U2 in Deutschland: Kriegsruinen und geöffnete Herzen

Berlin/Köln · Gerade eben hängen noch Discokugeln über dem Publikum. Dann erscheinen auf der riesigen Videoleinwand syrische Kriegsruinen. "Was möchtet Ihr? Geöffnete Herzen? Oder ein Europa, das geschlossen ist?", fragt Bono.

 Bono weiß, wie man eine gute Show aufzieht. Foto: Britta Pedersen

Bono weiß, wie man eine gute Show aufzieht. Foto: Britta Pedersen

Foto: DPA

Dann lobt der U2-Frontmann die Deutschen für ihre Rolle in der Flüchtlingspolitik. "Die ganze Welt schaut auf Euch, München, Berlin", sagt der 55-Jährige zu Beginn der Deutschlandtour am Donnerstagabend in Berlin.

Bono ist für sein politisches Engagement bekannt - und hatte am Tag vor dem Auftritt in der deutschen Hauptstadt auch mit dem Bundesentwicklungsminister Gerd Müller (CSU) über die Flüchtlingspolitik gesprochen. Doch der mehr als zweistündige Konzertabend vor 16 000 Fans in der ausverkauften Mercedes-Benz-Arena ist nicht nur politisch und musikalisch. Er bietet auch ausgefeilte Video-Kunst und viel Publikumsnähe.

Es gibt zwei Bühnen - eine klassische am einen Ende der Halle, eine runde am anderen - und dazwischen ein langer Steg. Der Effekt dieser aufwendigen Konstruktion: Egal, wo die Fans sitzen oder stehen, jeder hat die vier Musiker mal in seiner Nähe. Zusätzlich hängt über dem Laufsteg eine lange Video-Leinwand - samt weiterem Laufsteg.

So läuft plötzlich Bono, blondiert und wie gewohnt mit getönter Sonnenbrille, selbst durch einen bunten Comic-Strip. Bei fast jedem Song wechselt er den Ort - und es gibt immer neue faszinierende visuelle Effekte auf der Videoleinwand.
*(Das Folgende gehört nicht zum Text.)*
(* Let $(X_0,d_0),(X_1,d_1),\dots,(X_q,d_q),(Y_1,D_1),\dots,(Y_Q,D_Q)$ be $C^\infty$ vector fields on a neighborhood $\Omega$ of $0$ in $\mathbb{R}^n$, each paired with a degree in $[0,\infty)^\nu\setminus\{0\}$, and let $W(t,x)$ be a $C^\infty$ map from a neighborhood of $(0,0)$ in $\mathbb{R}^N\times\mathbb{R}^n$ into $\mathbb{R}^n$ with $W(0,x)\equiv0$. Write $(\mathbf X,\mathbf d)=\{(X_l,d_l)\}_{l=1}^q$ and $(\mathbf Y,\mathbf D)=\{(Y_i,D_i)\}_{i=1}^Q$, and suppose $(\mathbf X,\mathbf d)\subseteq(\mathbf Y,\mathbf D)$. (i) If $(\mathbf Y,\mathbf D)$ controls $(X_0,d_0)$ and $(\mathbf X,\mathbf d)$ controls every element of $(\mathbf Y,\mathbf D)$, then $(\mathbf X,\mathbf d)$ controls $(X_0,d_0)$. (ii) If $(\mathbf Y,\mathbf D)$ controls $W$ and $(\mathbf X,\mathbf d)$ controls every element of $(\mathbf Y,\mathbf D)$, then $(\mathbf X,\mathbf d)$ controls $W$.
   Context: Fix $e=\{e_1,\dots,e_N\}\subseteq[0,\infty)^\nu$; $\delta^d=\prod_\mu\delta_\mu^{d^\mu}$ ($0^0=1$), $\delta t=(\delta^{e_1}t_1,\dots,\delta^{e_N}t_N)$. For a finite list $(\mathbf Z,\mathbf D)=\{(Z_l,D_l)\}$ of vector fields on $\Omega$ with degrees: $B_{(\mathbf Z,\mathbf D)}(x,\delta)$ is the set of $y\in\Omega$ reachable from $x$ by an absolutely continuous $\gamma:[0,1]\to\Omega$ with $\gamma'=\sum_la_l\delta^{D_l}Z_l(\gamma)$ a.e., $\|\sum|a_l|^2\|_{L^\infty}<1$ (subspace topology); $\mathcal C(x,\delta,\Omega)$ means every such ODE from $x$ has an absolutely continuous solution $[0,1]\to\Omega$; $\vec\xi=(\xi,\dots,\xi)$; $(\delta\mathbf Z)^\beta$ composes $\delta^{D_{\beta_i}}Z_{\beta_i}$ along an ordered list $\beta$; $\|f\|_{C(V)}=\sup_V|f|$ with continuity. $(\mathbf Z,\mathbf D)$ controls $(X_0,d_0)$ if there are a neighborhood $U\subseteq\Omega$ of $0$ and $\xi_1>0$ with $\mathcal C(x,\vec{\xi_1},\Omega)$ for $x\in U$, and for all $x\in U,\delta\in[0,1]^\nu$: $\delta^{d_0}X_0=\sum_lc_l^{x,\delta}\delta^{D_l}Z_l$ on $B_{(\mathbf Z,\mathbf D)}(x,\xi_1\delta)$ with $\sup_{x,\delta}\sum_{|\beta|\le m}\|(\delta\mathbf Z)^\beta c_l^{x,\delta}\|_{C(B_{(\mathbf Z,\mathbf D)}(x,\xi_1\delta))}<\infty$ for all $m$. $(\mathbf Z,\mathbf D)$ controls $W$ if there are $\rho'>0$, $\xi_1>0$, neighborhood $U$ with $\mathcal C(x,\vec{\xi_1},\Omega)$ for $x\in U$ and for all $x\in U$, $\delta\in[0,1]^\nu$: $W(\delta t,u)=\sum_lc_l^{x,\delta}(t,u)\delta^{D_l}Z_l(u)$ on $B^N(\rho')\times B_{(\mathbf Z,\mathbf D)}(x,\xi_1\delta)$ with $\sup_{x,\delta}\sum_{|\beta'|+|\beta|\le m}\|\partial_t^\beta(\delta\mathbf Z)^{\beta'}c_l^{x,\delta}\|_{C(B^N(\rho')\times B_{(\mathbf Z,\mathbf D)}(x,\xi_1\delta))}<\infty$ for all $m$. *)

theory Defs
  imports "HOL-Analysis.Analysis"
begin

coinductive smooth_on :: "'a::euclidean_space set \<Rightarrow> ('a \<Rightarrow> 'b::real_normed_vector) \<Rightarrow> bool"
  for S where
  smooth_onI: "f differentiable_on S \<Longrightarrow> (\<forall>v. smooth_on S (\<lambda>x. frechet_derivative f (at x) v))
     \<Longrightarrow> smooth_on S f"

definition abs_cont_on :: "real \<Rightarrow> real \<Rightarrow> (real \<Rightarrow> 'b::real_normed_vector) \<Rightarrow> bool" where
  "abs_cont_on a b g \<longleftrightarrow>
     (\<forall>\<epsilon>>0. \<exists>d>0. \<forall>(k::nat) (u::nat \<Rightarrow> real) v.
        (\<forall>i<k. a \<le> u i \<and> u i \<le> v i \<and> v i \<le> b) \<and>
        (\<forall>i<k. \<forall>j<k. i \<noteq> j \<longrightarrow> v i \<le> u j \<or> v j \<le> u i) \<and>
        (\<Sum>i<k. v i - u i) < d
        \<longrightarrow> (\<Sum>i<k. norm (g (v i) - g (u i))) < \<epsilon>)"

definition is_degree :: "real^'v \<Rightarrow> bool" where
  "is_degree d \<longleftrightarrow> (\<forall>\<mu>. 0 \<le> d $ \<mu>) \<and> d \<noteq> 0"

text \<open>\<delta>^d = prod_\<mu> \<delta>_\<mu>^(d^\<mu>), with the convention 0^0 = 1.\<close>
definition degpow :: "real^'v \<Rightarrow> real^'v \<Rightarrow> real" where
  "degpow \<delta> d = (\<Prod>\<mu>\<in>UNIV. if d $ \<mu> = 0 then 1 else (\<delta> $ \<mu>) powr (d $ \<mu>))"

definition unit_cube :: "(real^'v) set" where
  "unit_cube = {\<delta>. \<forall>\<mu>. 0 \<le> \<delta> $ \<mu> \<and> \<delta> $ \<mu> \<le> 1}"

definition tscale :: "('k \<Rightarrow> real^'v) \<Rightarrow> real^'v \<Rightarrow> real^'k \<Rightarrow> real^'k" where
  "tscale e \<delta> t = (\<chi> j. degpow \<delta> (e j) * t $ j)"

definition sfield :: "real^'v \<Rightarrow> ((real^'n \<Rightarrow> real^'n) \<times> (real^'v)) \<Rightarrow> real^'n \<Rightarrow> real^'n" where
  "sfield \<delta> ZD = (\<lambda>y. degpow \<delta> (snd ZD) *\<^sub>R fst ZD y)"

definition adm_coeffs :: "nat \<Rightarrow> (nat \<Rightarrow> real \<Rightarrow> real) \<Rightarrow> bool" where
  "adm_coeffs L a \<longleftrightarrow> (\<forall>l<L. a l \<in> borel_measurable (lebesgue_on {0..1})) \<and>
     (\<exists>c<1. AE t in lebesgue_on {0..1}. (\<Sum>l<L. (a l t)\<^sup>2) \<le> c)"

definition ode_sol :: "(real^'n) set \<Rightarrow> ((real^'n \<Rightarrow> real^'n) \<times> (real^'v)) list \<Rightarrow> real^'v \<Rightarrow>
    real^'n \<Rightarrow> (nat \<Rightarrow> real \<Rightarrow> real) \<Rightarrow> (real \<Rightarrow> real^'n) \<Rightarrow> bool" where
  "ode_sol \<Omega> Zs \<delta> x a \<gamma> \<longleftrightarrow> abs_cont_on 0 1 \<gamma> \<and> \<gamma> ` {0..1} \<subseteq> \<Omega> \<and> \<gamma> 0 = x \<and>
     (AE t in lebesgue_on {0..1}.
        (\<gamma> has_vector_derivative (\<Sum>l<length Zs. a l t *\<^sub>R sfield \<delta> (Zs ! l) (\<gamma> t))) (at t within {0..1}))"

definition zball :: "(real^'n) set \<Rightarrow> ((real^'n \<Rightarrow> real^'n) \<times> (real^'v)) list \<Rightarrow> real^'n \<Rightarrow> real^'v
    \<Rightarrow> (real^'n) set" where
  "zball \<Omega> Zs x \<delta> = {y \<in> \<Omega>. \<exists>a \<gamma>. adm_coeffs (length Zs) a \<and> ode_sol \<Omega> Zs \<delta> x a \<gamma> \<and> \<gamma> 1 = y}"

definition ode_solvable :: "(real^'n) set \<Rightarrow> ((real^'n \<Rightarrow> real^'n) \<times> (real^'v)) list \<Rightarrow> real^'n
    \<Rightarrow> real^'v \<Rightarrow> bool" where
  "ode_solvable \<Omega> Zs x \<delta> \<longleftrightarrow> (\<forall>a. adm_coeffs (length Zs) a \<longrightarrow> (\<exists>\<gamma>. ode_sol \<Omega> Zs \<delta> x a \<gamma>))"

definition lie_deriv_on :: "(real^'n) set \<Rightarrow> (real^'n \<Rightarrow> real^'n) \<Rightarrow> (real^'n \<Rightarrow> real)
    \<Rightarrow> (real^'n \<Rightarrow> real) \<Rightarrow> bool" where
  "lie_deriv_on S V f g \<longleftrightarrow> (\<forall>y\<in>S. \<forall>\<gamma> \<epsilon>. 0 < \<epsilon> \<and> \<gamma> 0 = y \<and>
      (\<forall>s\<in>{-\<epsilon><..<\<epsilon>}. (\<gamma> has_vector_derivative V (\<gamma> s)) (at s))
      \<longrightarrow> ((\<lambda>s. f (\<gamma> s)) has_real_derivative g y) (at 0))"

text \<open>(Z,D) controls (X0,d0).  G x \<delta> l \<beta> is (\<delta>Z)^\<beta> c_l^{x,\<delta>}.\<close>
definition controls_vf :: "(real^'n) set \<Rightarrow> ((real^'n \<Rightarrow> real^'n) \<times> (real^'v)) list
    \<Rightarrow> (real^'n \<Rightarrow> real^'n) \<Rightarrow> real^'v \<Rightarrow> bool" where
  "controls_vf \<Omega> Zs X0 d0 \<longleftrightarrow> (\<exists>U \<xi>. open U \<and> 0 \<in> U \<and> U \<subseteq> \<Omega> \<and> 0 < \<xi> \<and>
     (\<forall>x\<in>U. ode_solvable \<Omega> Zs x (vec \<xi>)) \<and>
     (\<exists>(c :: real^'n \<Rightarrow> real^'v \<Rightarrow> nat \<Rightarrow> real^'n \<Rightarrow> real)
        (G :: real^'n \<Rightarrow> real^'v \<Rightarrow> nat \<Rightarrow> nat list \<Rightarrow> real^'n \<Rightarrow> real).
       (\<forall>x\<in>U. \<forall>\<delta>\<in>unit_cube.
          (\<forall>y\<in>zball \<Omega> Zs x (\<xi> *\<^sub>R \<delta>).
             degpow \<delta> d0 *\<^sub>R X0 y = (\<Sum>l<length Zs. c x \<delta> l y *\<^sub>R sfield \<delta> (Zs ! l) y)) \<and>
          (\<forall>l<length Zs.
             (\<forall>y\<in>zball \<Omega> Zs x (\<xi> *\<^sub>R \<delta>). G x \<delta> l [] y = c x \<delta> l y) \<and>
             (\<forall>\<beta> j. set \<beta> \<subseteq> {..<length Zs} \<and> j < length Zs \<longrightarrow>
                lie_deriv_on (zball \<Omega> Zs x (\<xi> *\<^sub>R \<delta>)) (sfield \<delta> (Zs ! j))
                  (G x \<delta> l \<beta>) (G x \<delta> l (j # \<beta>))) \<and>
             (\<forall>\<beta>. set \<beta> \<subseteq> {..<length Zs} \<longrightarrow>
                continuous_on (zball \<Omega> Zs x (\<xi> *\<^sub>R \<delta>)) (G x \<delta> l \<beta>)))) \<and>
       (\<forall>m. \<exists>C. \<forall>x\<in>U. \<forall>\<delta>\<in>unit_cube. \<forall>l<length Zs. \<forall>\<beta>.
          set \<beta> \<subseteq> {..<length Zs} \<and> length \<beta> \<le> m \<longrightarrow>
          (\<forall>y\<in>zball \<Omega> Zs x (\<xi> *\<^sub>R \<delta>). \<bar>G x \<delta> l \<beta> y\<bar> \<le> C))))"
Bei einem Lied verwandelt sich etwa die Wand in die Berliner Mauer - die Überreste der echten Mauer sind nur wenige Meter von der Konzertarena entfernt. Deutsche Wörter oder Sätze erscheinen auf der Leinwand, etwa: "Alles, was Du weisst, ist falsch" oder "Wir sind alle Teil der Malaise".

"Berlin, ich habe Dich vermisst!", sagt Bono zu Beginn - auf Deutsch. Und: "We have many friends here." Für weltweite Verärgerung hatte die Band allerdings im vergangenen Jahr mit dem aktuellen Album "Songs of Innocence" gesorgt - weil es plötzlich auf allen Apple-Geräten erschien. Dennoch waren die Karten für die Konzerte in Deutschland binnen kurzer Zeit weg - und das, obwohl sie mindestens 100 Euro kosteten.

Bono bietet dafür schon allein allerlei: Jede Pose sitzt. Er ist Friedensbotschafter, aber auch Charmeur, der vor einer Italienerin vor die Knie fällt, die er aus dem Publikum auf die Bühne geholt hat. Und in einem Moment kommt der Rock-Rüpel durch. Da spuckt der Star und Familienvater Wasser, das er gerade getrunken hat, in hohem Bogen auf die Bühne.

Die vier Iren, die seit 1976 in dieser Konstellation zusammen sind, stehen im September noch drei weitere Male in Berlin auf der Bühne; und im Oktober noch zweimal in Köln. Alle Shows sind ausverkauft.